Segment Open
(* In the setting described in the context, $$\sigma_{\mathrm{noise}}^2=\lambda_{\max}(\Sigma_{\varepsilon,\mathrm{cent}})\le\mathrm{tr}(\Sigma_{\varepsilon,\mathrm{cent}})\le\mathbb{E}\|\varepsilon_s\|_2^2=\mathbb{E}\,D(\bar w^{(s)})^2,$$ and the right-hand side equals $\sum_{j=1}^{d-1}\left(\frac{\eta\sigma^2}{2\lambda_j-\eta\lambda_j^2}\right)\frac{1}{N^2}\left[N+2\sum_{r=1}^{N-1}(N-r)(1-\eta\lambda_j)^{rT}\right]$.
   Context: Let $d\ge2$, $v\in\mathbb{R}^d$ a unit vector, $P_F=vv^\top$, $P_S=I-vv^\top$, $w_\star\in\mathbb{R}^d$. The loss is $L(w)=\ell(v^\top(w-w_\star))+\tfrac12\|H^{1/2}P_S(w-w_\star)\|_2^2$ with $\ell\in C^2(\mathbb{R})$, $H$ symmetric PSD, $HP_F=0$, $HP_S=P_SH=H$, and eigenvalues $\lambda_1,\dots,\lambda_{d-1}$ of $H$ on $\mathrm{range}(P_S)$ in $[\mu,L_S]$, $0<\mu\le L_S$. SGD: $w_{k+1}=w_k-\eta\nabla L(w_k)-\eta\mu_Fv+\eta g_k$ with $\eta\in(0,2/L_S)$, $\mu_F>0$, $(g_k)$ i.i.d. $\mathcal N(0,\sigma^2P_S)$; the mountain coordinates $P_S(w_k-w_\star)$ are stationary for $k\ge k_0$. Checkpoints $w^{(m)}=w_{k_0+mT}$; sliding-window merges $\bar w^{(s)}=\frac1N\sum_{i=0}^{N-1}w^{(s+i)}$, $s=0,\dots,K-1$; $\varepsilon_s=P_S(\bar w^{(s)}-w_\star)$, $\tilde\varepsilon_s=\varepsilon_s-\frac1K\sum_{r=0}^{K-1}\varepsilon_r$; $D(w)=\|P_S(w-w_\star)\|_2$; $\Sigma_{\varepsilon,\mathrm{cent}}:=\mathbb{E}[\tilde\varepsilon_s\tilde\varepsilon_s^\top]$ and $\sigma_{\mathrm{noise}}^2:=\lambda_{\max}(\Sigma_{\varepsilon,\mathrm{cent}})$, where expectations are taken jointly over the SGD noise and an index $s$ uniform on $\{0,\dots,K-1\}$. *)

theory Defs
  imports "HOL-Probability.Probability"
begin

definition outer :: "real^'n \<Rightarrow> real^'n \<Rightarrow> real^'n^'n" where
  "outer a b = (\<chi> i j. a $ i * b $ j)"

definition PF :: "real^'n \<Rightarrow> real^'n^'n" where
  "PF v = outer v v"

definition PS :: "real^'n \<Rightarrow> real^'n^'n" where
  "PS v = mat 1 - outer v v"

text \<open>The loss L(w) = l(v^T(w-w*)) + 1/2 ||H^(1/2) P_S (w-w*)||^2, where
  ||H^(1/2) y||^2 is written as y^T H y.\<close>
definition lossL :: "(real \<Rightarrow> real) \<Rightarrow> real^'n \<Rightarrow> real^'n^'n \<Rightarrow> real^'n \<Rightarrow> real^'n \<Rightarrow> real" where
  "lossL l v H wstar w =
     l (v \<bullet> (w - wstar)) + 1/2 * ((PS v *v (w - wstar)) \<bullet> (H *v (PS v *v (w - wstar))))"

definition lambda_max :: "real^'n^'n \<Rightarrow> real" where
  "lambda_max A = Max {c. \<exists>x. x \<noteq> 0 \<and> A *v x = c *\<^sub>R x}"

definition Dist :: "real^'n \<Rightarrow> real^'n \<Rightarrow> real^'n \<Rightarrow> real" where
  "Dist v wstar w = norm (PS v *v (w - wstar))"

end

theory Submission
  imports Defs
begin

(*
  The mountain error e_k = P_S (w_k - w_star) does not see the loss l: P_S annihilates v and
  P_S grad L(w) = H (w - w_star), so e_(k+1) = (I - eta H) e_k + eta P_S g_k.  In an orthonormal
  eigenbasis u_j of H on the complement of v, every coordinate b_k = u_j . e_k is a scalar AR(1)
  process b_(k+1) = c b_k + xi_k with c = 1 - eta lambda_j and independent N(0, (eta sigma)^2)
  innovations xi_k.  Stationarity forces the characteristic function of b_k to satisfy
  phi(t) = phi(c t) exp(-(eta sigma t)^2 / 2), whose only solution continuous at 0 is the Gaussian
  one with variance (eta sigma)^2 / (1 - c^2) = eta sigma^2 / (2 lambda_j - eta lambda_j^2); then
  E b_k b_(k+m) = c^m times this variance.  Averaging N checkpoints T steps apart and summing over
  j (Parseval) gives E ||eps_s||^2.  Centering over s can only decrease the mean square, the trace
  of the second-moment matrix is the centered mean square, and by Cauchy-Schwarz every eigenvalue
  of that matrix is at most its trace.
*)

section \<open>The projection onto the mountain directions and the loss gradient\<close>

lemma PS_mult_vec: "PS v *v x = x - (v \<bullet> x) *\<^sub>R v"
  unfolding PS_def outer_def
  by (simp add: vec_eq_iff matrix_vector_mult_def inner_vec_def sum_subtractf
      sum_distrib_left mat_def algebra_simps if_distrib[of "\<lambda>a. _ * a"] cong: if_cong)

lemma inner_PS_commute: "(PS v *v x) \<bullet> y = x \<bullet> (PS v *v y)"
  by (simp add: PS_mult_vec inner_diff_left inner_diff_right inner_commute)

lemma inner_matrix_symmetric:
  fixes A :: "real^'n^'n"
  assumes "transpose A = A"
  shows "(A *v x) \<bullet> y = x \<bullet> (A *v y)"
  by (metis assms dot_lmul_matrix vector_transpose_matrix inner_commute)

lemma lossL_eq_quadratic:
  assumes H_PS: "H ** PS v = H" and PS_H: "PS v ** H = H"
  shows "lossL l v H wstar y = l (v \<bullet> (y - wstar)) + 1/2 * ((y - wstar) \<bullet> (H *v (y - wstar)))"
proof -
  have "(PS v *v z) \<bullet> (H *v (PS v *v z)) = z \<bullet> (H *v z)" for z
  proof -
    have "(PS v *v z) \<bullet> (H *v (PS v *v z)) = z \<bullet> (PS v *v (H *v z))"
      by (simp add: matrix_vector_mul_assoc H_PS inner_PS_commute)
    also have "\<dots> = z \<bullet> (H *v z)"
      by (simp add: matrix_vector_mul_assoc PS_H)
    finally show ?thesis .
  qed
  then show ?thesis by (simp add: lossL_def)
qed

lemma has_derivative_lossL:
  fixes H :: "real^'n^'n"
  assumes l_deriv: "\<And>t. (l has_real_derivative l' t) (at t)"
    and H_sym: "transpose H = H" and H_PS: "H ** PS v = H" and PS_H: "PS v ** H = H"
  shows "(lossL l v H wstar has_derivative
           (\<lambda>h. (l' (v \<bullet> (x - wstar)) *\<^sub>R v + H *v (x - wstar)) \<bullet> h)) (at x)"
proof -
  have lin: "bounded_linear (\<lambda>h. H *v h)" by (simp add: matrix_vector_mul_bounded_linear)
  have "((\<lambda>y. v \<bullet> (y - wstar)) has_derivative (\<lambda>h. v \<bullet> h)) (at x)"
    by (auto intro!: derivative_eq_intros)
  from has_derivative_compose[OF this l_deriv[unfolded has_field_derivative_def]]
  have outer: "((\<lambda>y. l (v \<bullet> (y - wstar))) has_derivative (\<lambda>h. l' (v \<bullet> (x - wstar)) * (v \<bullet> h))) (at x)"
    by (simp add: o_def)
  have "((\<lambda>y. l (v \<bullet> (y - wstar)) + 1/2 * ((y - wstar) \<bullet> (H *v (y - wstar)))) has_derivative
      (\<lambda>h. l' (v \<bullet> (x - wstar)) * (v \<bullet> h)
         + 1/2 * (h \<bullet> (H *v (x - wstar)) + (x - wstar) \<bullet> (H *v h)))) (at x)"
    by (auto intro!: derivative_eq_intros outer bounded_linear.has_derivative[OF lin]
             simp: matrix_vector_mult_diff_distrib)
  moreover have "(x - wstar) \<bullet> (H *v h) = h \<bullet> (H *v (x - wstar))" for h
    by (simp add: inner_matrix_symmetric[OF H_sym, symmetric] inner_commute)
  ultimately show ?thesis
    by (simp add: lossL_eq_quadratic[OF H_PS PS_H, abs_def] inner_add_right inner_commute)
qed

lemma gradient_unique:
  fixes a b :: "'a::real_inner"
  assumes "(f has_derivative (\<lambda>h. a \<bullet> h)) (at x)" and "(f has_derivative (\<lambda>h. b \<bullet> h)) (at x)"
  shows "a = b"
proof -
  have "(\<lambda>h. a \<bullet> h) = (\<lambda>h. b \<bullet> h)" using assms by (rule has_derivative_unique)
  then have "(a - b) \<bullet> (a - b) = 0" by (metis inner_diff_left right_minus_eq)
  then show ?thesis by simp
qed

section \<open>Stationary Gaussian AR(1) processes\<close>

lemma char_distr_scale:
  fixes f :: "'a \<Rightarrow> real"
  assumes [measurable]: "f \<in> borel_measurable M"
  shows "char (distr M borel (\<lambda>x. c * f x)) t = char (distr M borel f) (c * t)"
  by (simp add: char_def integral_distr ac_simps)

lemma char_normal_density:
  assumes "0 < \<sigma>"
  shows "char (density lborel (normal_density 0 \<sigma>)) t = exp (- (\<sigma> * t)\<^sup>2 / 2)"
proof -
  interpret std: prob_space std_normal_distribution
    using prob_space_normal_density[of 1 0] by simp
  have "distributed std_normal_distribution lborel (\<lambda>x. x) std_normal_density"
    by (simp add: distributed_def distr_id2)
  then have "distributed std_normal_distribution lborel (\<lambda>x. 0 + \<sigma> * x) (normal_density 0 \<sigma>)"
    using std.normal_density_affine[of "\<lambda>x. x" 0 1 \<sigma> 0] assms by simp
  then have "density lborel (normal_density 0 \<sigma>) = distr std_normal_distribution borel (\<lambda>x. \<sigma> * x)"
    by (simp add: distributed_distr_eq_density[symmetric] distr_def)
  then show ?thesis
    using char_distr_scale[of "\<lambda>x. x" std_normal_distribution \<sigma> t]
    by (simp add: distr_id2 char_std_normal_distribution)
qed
Segment Closed
Segment Open
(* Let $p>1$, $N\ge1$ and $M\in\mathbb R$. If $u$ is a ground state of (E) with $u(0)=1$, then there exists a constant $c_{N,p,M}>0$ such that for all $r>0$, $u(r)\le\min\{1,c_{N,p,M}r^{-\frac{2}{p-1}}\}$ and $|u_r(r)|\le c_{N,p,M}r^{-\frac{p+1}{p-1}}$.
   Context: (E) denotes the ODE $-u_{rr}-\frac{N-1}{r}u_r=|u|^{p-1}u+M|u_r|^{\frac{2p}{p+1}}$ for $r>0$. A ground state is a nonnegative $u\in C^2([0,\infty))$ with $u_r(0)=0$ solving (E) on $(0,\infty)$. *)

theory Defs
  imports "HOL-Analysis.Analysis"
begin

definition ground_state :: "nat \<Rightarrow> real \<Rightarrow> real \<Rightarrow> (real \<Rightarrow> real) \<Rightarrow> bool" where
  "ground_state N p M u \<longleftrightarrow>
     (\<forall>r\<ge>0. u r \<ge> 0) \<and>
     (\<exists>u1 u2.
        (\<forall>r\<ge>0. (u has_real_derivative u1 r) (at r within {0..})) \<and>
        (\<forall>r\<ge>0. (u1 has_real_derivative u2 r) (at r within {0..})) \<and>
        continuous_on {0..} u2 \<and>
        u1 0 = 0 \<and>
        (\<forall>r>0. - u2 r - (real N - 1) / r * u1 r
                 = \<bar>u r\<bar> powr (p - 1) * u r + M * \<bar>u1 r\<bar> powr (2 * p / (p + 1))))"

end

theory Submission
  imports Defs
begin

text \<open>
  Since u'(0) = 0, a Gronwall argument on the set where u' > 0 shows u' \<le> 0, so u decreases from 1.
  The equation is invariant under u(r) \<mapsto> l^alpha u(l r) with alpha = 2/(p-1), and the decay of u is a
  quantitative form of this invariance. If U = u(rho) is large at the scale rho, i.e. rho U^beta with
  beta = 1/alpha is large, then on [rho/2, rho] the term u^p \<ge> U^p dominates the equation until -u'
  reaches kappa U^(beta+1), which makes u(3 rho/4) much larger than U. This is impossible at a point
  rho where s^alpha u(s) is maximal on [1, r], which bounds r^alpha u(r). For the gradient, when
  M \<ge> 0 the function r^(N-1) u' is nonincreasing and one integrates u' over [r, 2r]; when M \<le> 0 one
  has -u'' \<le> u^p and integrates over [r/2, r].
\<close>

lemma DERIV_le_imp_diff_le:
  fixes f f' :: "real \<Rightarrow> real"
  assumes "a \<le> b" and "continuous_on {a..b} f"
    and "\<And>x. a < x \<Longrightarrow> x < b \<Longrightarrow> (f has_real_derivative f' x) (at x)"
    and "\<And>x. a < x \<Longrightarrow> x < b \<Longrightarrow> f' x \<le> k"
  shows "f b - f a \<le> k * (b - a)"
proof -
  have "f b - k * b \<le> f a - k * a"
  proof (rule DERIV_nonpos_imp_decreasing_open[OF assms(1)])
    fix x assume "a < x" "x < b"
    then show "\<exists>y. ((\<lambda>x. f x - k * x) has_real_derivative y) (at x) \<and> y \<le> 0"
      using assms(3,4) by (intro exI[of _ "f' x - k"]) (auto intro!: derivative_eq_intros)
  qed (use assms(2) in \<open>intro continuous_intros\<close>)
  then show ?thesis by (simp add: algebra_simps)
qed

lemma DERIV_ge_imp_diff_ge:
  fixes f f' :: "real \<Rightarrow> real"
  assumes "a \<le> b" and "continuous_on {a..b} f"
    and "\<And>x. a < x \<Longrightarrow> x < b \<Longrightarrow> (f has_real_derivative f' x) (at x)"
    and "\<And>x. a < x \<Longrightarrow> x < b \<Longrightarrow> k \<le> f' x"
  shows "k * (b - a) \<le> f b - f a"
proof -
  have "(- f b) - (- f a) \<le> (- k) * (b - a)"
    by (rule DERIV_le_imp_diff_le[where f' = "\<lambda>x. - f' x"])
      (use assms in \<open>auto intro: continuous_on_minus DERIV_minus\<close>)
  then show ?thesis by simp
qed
Segment Closed
Segment Open
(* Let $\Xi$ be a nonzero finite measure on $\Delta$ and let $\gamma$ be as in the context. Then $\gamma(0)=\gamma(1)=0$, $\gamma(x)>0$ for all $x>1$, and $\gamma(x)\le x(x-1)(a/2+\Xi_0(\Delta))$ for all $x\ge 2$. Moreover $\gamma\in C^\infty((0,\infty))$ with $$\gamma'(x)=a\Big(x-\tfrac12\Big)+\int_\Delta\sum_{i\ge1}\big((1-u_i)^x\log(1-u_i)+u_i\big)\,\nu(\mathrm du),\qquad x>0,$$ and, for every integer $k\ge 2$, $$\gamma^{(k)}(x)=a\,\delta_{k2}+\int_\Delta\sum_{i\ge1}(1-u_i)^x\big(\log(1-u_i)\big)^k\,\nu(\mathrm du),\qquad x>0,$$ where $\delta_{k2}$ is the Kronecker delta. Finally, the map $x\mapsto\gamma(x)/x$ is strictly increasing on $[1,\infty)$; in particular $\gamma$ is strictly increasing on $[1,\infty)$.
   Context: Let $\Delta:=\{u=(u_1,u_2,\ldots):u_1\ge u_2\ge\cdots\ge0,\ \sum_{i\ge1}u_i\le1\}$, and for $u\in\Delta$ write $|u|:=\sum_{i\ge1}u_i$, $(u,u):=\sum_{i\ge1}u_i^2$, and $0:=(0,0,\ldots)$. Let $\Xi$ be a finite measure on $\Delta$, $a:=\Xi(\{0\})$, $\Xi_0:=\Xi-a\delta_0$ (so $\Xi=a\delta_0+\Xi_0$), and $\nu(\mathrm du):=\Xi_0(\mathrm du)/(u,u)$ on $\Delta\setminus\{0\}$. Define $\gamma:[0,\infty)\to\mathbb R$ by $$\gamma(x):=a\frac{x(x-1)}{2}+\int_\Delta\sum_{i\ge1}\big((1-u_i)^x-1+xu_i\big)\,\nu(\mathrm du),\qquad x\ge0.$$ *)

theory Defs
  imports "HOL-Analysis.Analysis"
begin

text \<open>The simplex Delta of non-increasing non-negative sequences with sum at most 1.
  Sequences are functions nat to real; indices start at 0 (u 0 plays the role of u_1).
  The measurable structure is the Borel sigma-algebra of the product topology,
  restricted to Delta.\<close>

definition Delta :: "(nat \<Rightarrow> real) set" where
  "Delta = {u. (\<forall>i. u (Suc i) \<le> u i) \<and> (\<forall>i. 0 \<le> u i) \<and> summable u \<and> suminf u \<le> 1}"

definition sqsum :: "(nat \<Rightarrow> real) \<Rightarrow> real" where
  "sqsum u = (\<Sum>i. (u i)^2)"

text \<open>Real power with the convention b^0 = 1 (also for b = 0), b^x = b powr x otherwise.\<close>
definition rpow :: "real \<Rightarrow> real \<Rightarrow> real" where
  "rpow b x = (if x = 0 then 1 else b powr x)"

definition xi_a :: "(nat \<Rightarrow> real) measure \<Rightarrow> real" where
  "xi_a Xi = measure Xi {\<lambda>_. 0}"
Segment Closed
**REQUIRED ACTION**. Whatever else the listing above holds, retype exactly only the lines from the one containing "has -u'' \<le>" to the one containing "fix x assume", both ends kept.

**ANSWER SPACE**.
  has -u'' \<le> u^p and integrates over [r/2, r].
\<close>

lemma DERIV_le_imp_diff_le:
  fixes f f' :: "real \<Rightarrow> real"
  assumes "a \<le> b" and "continuous_on {a..b} f"
    and "\<And>x. a < x \<Longrightarrow> x < b \<Longrightarrow> (f has_real_derivative f' x) (at x)"
    and "\<And>x. a < x \<Longrightarrow> x < b \<Longrightarrow> f' x \<le> k"
  shows "f b - f a \<le> k * (b - a)"
proof -
  have "f b - k * b \<le> f a - k * a"
  proof (rule DERIV_nonpos_imp_decreasing_open[OF assms(1)])
    fix x assume "a < x" "x < b"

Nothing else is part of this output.